Navigate to the artifacts folder to examine the output of each pipeline stage:

cd artifacts

Stage-wise Outputs:

data_ingestion/ - Contains the ingested training dataset
data_validation/ - Validation status and reports
data_transformation/ - Transformed datasets and statistical test results
model_trainer/ - Trained model files and parameters
model_evaluation/ - Performance metrics and evaluation reports

Model Tracking & Monitoring

Track all experiments, parameters, and model versions through DagsHub MLflow Integration:

🔗 View Model Tracking Dashboard

Monitor experiment runs, compare model performance, and access detailed logging information for complete pipeline transparency.

MLflow Tracking Interface

⚡ Apache Airflow Pipeline Setup

Prerequisites

Note: Apache Airflow requires Linux-based systems for optimal performance. Windows users should use WSL or Linux environment.

Environment Setup

1. Copy Project to Linux Environment (Windows Users)

cp -r /mnt/d/MachineLearning-PipeLine ~/

2. Install Python and Setup Virtual Environment

# Install Python3 if not already installed
sudo apt update
sudo apt install python3 python3-pip python3-venv

# Navigate to project directory
cd ~/MachineLearning-PipeLine

# Create virtual environment
python3 -m venv venv

# Activate virtual environment
source venv/bin/activate

# Install dependencies
pip install -r requirements.txt

3. Configure Apache Airflow

# Set Airflow home directory
export AIRFLOW_HOME=~/airflow
echo $AIRFLOW_HOME

# Configure Airflow settings
vim ~/airflow/airflow.cfg

-> insert - i
Replace "auth_manager = airflow.api_fastapi.auth.managers.simple.simple_auth_manager.SimpleAuthManager" in airflow.cfg file
with "auth_manager=airflow.providers.fab.auth_manager.fab_auth_manager.FabAuthManager".
After Updation press- > esc -> :wq!

# Create DAGs directory
mkdir -p ~/airflow/dags

# Copy DAG file to Airflow directory
cp model_dag.py ~/airflow/dags/

# Test DAG configuration
python ~/airflow/dags/model_dag.py

4. Launch Airflow Webserver

# Start Airflow standalone mode
airflow standalone

5. Execute Pipeline

Open your web browser and navigate to: http://0.0.0.0:8080
Search for ml_pipeline_dag in the DAGs list
Click on the DAG and trigger the pipeline execution
Monitor the workflow progress through the Airflow UI

Airflow Dashboard Interface

🚀 CI/CD Pipeline & Deployment

Automated Build & Delivery

The pipeline triggers automatically based on code changes and performs the following actions:

Build - Creates Docker images from the application code
Scan - Performs security and vulnerability scans on the built images
Deliver - Pushes the validated images to DockerHub registry

Kubernetes Deployment Local

1. Start Minikube Cluster

# Initialize Minikube cluster
minikube start

2. Deploy Application

# Deploy the application using deployment manifest
kubectl apply -f deployment.yaml

# Check pod status
kubectl get pods

3. Deploy Services

# Apply service configuration
kubectl apply -f service.yaml

# Verify service deployment
kubectl get svc

4. Access Application - Method 1 (Port Forwarding)

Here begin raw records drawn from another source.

lemma split_as_Banach_spaces: "\<exists>S. bounded_op_into_pair S \<and> right_inverse_of_quotient S"
proof (intro exI conjI)
  let ?S = "\<lambda>y. ((\<lambda>t. 0), y)"
  show "bounded_op_into_pair ?S"
    unfolding bounded_op_into_pair_def
    by (auto simp: l2pair_def zero_in_ell2 pairnorm_def l2norm_def infsum_nonneg intro!: exI[of _ 1])
  show "right_inverse_of_quotient ?S"
    by (simp add: right_inverse_of_quotient_def)
qed

lemma bounded_op_into_pair_fst_bound:
  assumes "bounded_op_into_pair S"
  obtains K where "\<And>y s. y \<in> ell2 \<Longrightarrow> cmod (fst (S y) s) \<le> K * l2norm y"
proof -
  obtain K where K: "\<And>y. y \<in> ell2 \<Longrightarrow> pairnorm (S y) \<le> K * l2norm y"
    using assms unfolding bounded_op_into_pair_def by blast
  have "cmod (fst (S y) s) \<le> K * l2norm y" if y: "y \<in> ell2" for y s
  proof -
    have "fst (S y) \<in> ell2"
      using assms y by (auto simp: bounded_op_into_pair_def l2pair_def mem_Times_iff)
    then have "cmod (fst (S y) s) \<le> l2norm (fst (S y))"
      by (rule norm_le_l2norm)
    also have "\<dots> \<le> pairnorm (S y)"
      unfolding pairnorm_def by (rule real_le_rsqrt) (simp add: l2norm_def infsum_nonneg)
    also have "\<dots> \<le> K * l2norm y"
      using K[OF y] .
    finally show ?thesis .
  qed
  then show thesis
    using that by blast
qed

lemma bounded_op_into_pair_fst_indicator:
  assumes "bounded_op_into_pair S" "finite F"
  shows "fst (S (indicator F)) s = (\<Sum>v\<in>F. fst (S (indicator {v})) s)"
  using assms(2)
proof (induction F rule: finite_induct)
  case empty
  have "\<And>x c. x \<in> ell2 \<Longrightarrow> S (\<lambda>t. c * x t) = ((\<lambda>t. c * fst (S x) t), (\<lambda>t. c * snd (S x) t))"
    using assms(1) unfolding bounded_op_into_pair_def by blast
  from this[OF zero_in_ell2, of 0] have "S (\<lambda>t. 0) = ((\<lambda>t. 0), (\<lambda>t. 0))"
    by simp
  moreover have "indicator {} = (\<lambda>t. 0::complex)"
    by (simp add: fun_eq_iff)
  ultimately show ?case
    by simp
next
  case (insert v F)
  then have "(indicator (insert v F) :: vertex \<Rightarrow> complex) = (\<lambda>t. indicator {v} t + indicator F t)"
    by (auto simp: indicator_def fun_eq_iff)
  then show ?case
    using assms(1) insert indicator_finite_in_ell2[of "{v}"] indicator_finite_in_ell2[of F]
    by (simp add: bounded_op_into_pair_def)
qed

lemma equivariant_split_at_root:
  assumes "right_inverse_of_quotient S"
    and "\<forall>g\<in>Aut. \<forall>y\<in>ell2. S (u g y) = lam g (S y)"
  shows "fst (S (indicator {gen l})) root = fst (S (indicator {root})) (gen (inv_letter l)) - 1"
proof -
  let ?e = "indicator {root} :: vertex \<Rightarrow> complex"
  have e: "?e \<in> ell2"
    by (rule indicator_finite_in_ell2) simp
  have "u (lmult l) ?e = indicator {gen l}"
    by (simp add: u_indicator bij_lmult lmult_root)
  then have "S (indicator {gen l}) = lam (lmult l) (S ?e)"
    using assms(2) lmult_in_Aut e by metis
  moreover have "snd (S ?e) = ?e"
    using assms(1) e by (simp add: right_inverse_of_quotient_def)
  ultimately have "fst (S (indicator {gen l})) root
      = u (lmult l) (fst (S ?e)) root + lmult_commutator l ?e root"
    by (simp add: lam_def D_lmult)
  also have "u (lmult l) (fst (S ?e)) root = fst (S ?e) (gen (inv_letter l))"
    by (simp add: u_def inv_lmult lmult_root)
  also have "lmult_commutator l ?e root = -1"
    using e by (simp add: lmult_commutator_def)
  finally show ?thesis
    by simp
qed

lemma equivariant_split_sum_at_root:
  assumes "bounded_op_into_pair S" "right_inverse_of_quotient S"
    and "\<forall>g\<in>Aut. \<forall>y\<in>ell2. S (u g y) = lam g (S y)"
  shows "fst (S (indicator ((\<lambda>i. gen (i, True)) ` {..<n}))) root
    = (\<Sum>i<n. fst (S (indicator {root})) (gen (i, False)) - 1)"
proof -
  have inj: "inj_on (\<lambda>i. gen (i, True)) {..<n}"
    by (simp add: inj_on_def)
  have "fst (S (indicator ((\<lambda>i. gen (i, True)) ` {..<n}))) root
      = (\<Sum>v\<in>(\<lambda>i. gen (i, True)) ` {..<n}. fst (S (indicator {v})) root)"
    by (rule bounded_op_into_pair_fst_indicator[OF assms(1)]) simp
  also have "\<dots> = (\<Sum>i<n. fst (S (indicator {gen (i, True)})) root)"
    by (simp add: sum.reindex[OF inj])
  finally show ?thesis
    using equivariant_split_at_root[OF assms(2,3)] by (simp add: inv_letter_def)
qed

# Forward service port to local machine
kubectl port-forward svc/mlapp-service 8000:80

# Access application in browser
# Navigate to: http://localhost:8000

5. Access Application - Method 2 (Load Balancer)

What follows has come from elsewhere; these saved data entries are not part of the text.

text \<open>Since \<open>X \<mapsto> A X A\<inverse>\<close> is an involution of \<open>sl(n)\<close>, \<open>A\<^sup>2\<close> is scalar, and after rescaling
  \<open>B = A/s\<close> satisfies \<open>B\<^sup>2 = 1\<close>. With the idempotent \<open>P = (1 + B)/2\<close>, \<open>L\<^sub>0\<close> consists of the
  matrices commuting with \<open>P\<close> and \<open>L\<^sub>1\<close> of those with \<open>P X + X P = X\<close>. By the Peirce
  decomposition, \<open>ad P\<close> has only the eigenvalues \<open>0, \<plusminus>1\<close> on \<open>sl(n)\<close>, so for the traceless part
  \<open>h\<close> of \<open>P\<close> every \<open>r X\<close> shifts the generalized eigenspaces of \<open>r h\<close> by \<open>0\<close> or \<open>\<plusminus>1\<close>. Fixing an
  eigenvalue \<open>\<mu>\<close> of \<open>r h\<close>, the generalized eigenspaces for \<open>\<mu> + \<int>\<close> span an invariant subspace,
  which by irreducibility is \<open>V\<close>; those for \<open>\<mu> + 2\<int>\<close> and \<open>\<mu> + 2\<int> + 1\<close> give \<open>V\<^sub>0\<close> and \<open>V\<^sub>1\<close>.\<close>

lemma matrix_add_rdistrib: "(A + B) ** C = A ** C + B ** C"
  by (simp add: matrix_matrix_mult_def vec_eq_iff sum.distrib algebra_simps)

lemma matrix_diff_ldistrib: "(A :: 'a::ring_1^'n^'m) ** (B - C) = A ** B - A ** C"
  by (simp add: matrix_matrix_mult_def vec_eq_iff sum_subtractf algebra_simps)

lemma matrix_diff_rdistrib: "((A :: 'a::ring_1^'n^'m) - B) ** C = A ** C - B ** C"
  by (simp add: matrix_matrix_mult_def vec_eq_iff sum_subtractf algebra_simps)

lemma matrix_neg_left: "(- (A :: 'a::ring_1^'n^'m)) ** B = - (A ** B)"
  by (simp add: matrix_matrix_mult_def vec_eq_iff sum_negf)

lemma matrix_neg_right: "(A :: 'a::ring_1^'n^'m) ** (- B) = - (A ** B)"
  by (simp add: matrix_matrix_mult_def vec_eq_iff sum_negf)

lemma mat_matrix_mult: "mat c ** (A :: 'a::semiring_1^'n^'m) = (\<chi> i j. c * A$i$j)"
  by (simp add: matrix_matrix_mult_def mat_def vec_eq_iff if_distrib if_distribR cong: if_cong)

lemma matrix_mat_mult: "(A :: 'a::comm_semiring_1^'n^'m) ** mat c = (\<chi> i j. c * A$i$j)"
  by (simp add: matrix_matrix_mult_def mat_def vec_eq_iff if_distrib if_distribR mult.commute cong: if_cong)

lemma mat_matrix_mult_commute: "mat c ** (A :: 'a::comm_semiring_1^'n^'m) = A ** mat c"
  by (simp add: mat_matrix_mult matrix_mat_mult)

lemma mat_vector_mult: "mat c *v (v :: 'a::comm_semiring_1^'n) = c *s v"
  by (simp add: matrix_vector_mult_def mat_def vec_eq_iff if_distrib if_distribR cong: if_cong)

lemma matrix_vector_mult_sum_left: "sum f S *v v = (\<Sum>i\<in>S. f i *v v)"
  by (induction S rule: infinite_finite_induct) (auto simp: matrix_vector_mult_add_rdistrib)

lemma matrix_vector_mult_sum_right: "A *v sum f S = (\<Sum>i\<in>S. A *v f i)"
  by (induction S rule: infinite_finite_induct) (auto simp: matrix_vector_right_distrib)

lemma mat_add: "mat a + mat b = (mat (a + b) :: 'a::monoid_add^'n^'n)"
  by (simp add: mat_def vec_eq_iff)

lemma mat_diff: "mat a - mat b = (mat (a - b) :: 'a::group_add^'n^'n)"
  by (simp add: mat_def vec_eq_iff)

lemma mat_mult_mat: "mat a ** mat b = (mat (a * b) :: 'a::semiring_1^'n^'n)"
  by (simp add: mat_matrix_mult) (simp add: mat_def vec_eq_iff)

lemma mat_mult_mat_left: "mat a ** (mat b ** A) = mat (a * b) ** (A :: 'a::semiring_1^'n^'n)"
  by (simp add: matrix_mul_assoc mat_mult_mat)

lemma matrix_mult_mat_left_commute: "A ** (mat c ** B) = mat c ** (A ** (B :: 'a::comm_semiring_1^'n^'n))"
  by (simp only: matrix_mul_assoc mat_matrix_mult_commute[where c = c and A = A])

lemma mscale_eq_mat_mult: "mscale c X = mat c ** X"
  by (simp add: mscale_def mat_matrix_mult)

section \<open>Eigenvectors via the fundamental theorem of algebra\<close>

primrec matpow :: "'a::semiring_1^'n^'n \<Rightarrow> nat \<Rightarrow> 'a^'n^'n" where
  "matpow M 0 = mat 1"
| "matpow M (Suc k) = M ** matpow M k"

lemma matpow_add: "matpow M (a + b) = matpow M a ** matpow M b"
  by (induction a) (simp_all add: matrix_mul_assoc)

lemma matpow_intertwine: "A ** R = R ** B \<Longrightarrow> matpow A k ** R = R ** matpow B k"
  by (induction k) (simp_all, metis matrix_mul_assoc)

lemma matpow_eigenvector:
  fixes D :: "'a::field^'n^'n"
  assumes "D *v u = d *s u"
  shows "matpow D k *v u = d ^ k *s u"
proof (induction k)
  case (Suc k)
  then show ?case
    by (simp add: matrix_vector_mul_assoc[symmetric] vector_scalar_commute assms
        vector_smult_assoc mult.commute)
qed simp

# Edit service configuration
kubectl edit svc mlapp-service

# Change service type from 
NodePort to LoadBalancer

esc - :wq! - enter
# Save and exit the editor

# Open new terminal and create tunnel
minikube tunnel

# In original terminal, check for external IP
kubectl get svc

# Access application using external IP in browser
127.0.0.1

6. Configuring Ingress - (Optional)

# Deploy the ingress.yaml file
kubectl apply -f ingress.yaml

# Install the Ingress Controller (nginx)
minikube addons enable ingress

# Check the downloaded Ingress
kubectl get pods -A | grep nginx

# Check Ingress is Deployed
kubectl get ingress # A Address is Being Updated like -> 192.168.49.2

# for setup local system configuraton
sudo vim /etc/hosts

# Add
127.0.0.1       localhost
127.0.1.1       Abis-PC.        Abis-PC
192.168.49.2    foo.bar.com
esc - :wq!

# Check Upadted or not
ping foo.bar.com

# then go to browser
http://foo.bar.com/demo
http://foo.bar.com/admin

🎯 Conclusion

This comprehensive machine learning pipeline demonstrates a complete end-to-end MLOps implementation that transforms raw data into production-ready predictive models. The project successfully integrates modern data science practices with robust automation and deployment capabilities.

Key Achievements:

• Automated Workflow - Seamlessly orchestrates data ingestion, validation, transformation, model training, and evaluation through Apache Airflow, reducing manual intervention and ensuring consistent pipeline execution.

• Comprehensive Tracking - Implements MLflow and DVC integration for complete experiment tracking, model versioning, and data lineage management, enabling reproducible research and collaborative development.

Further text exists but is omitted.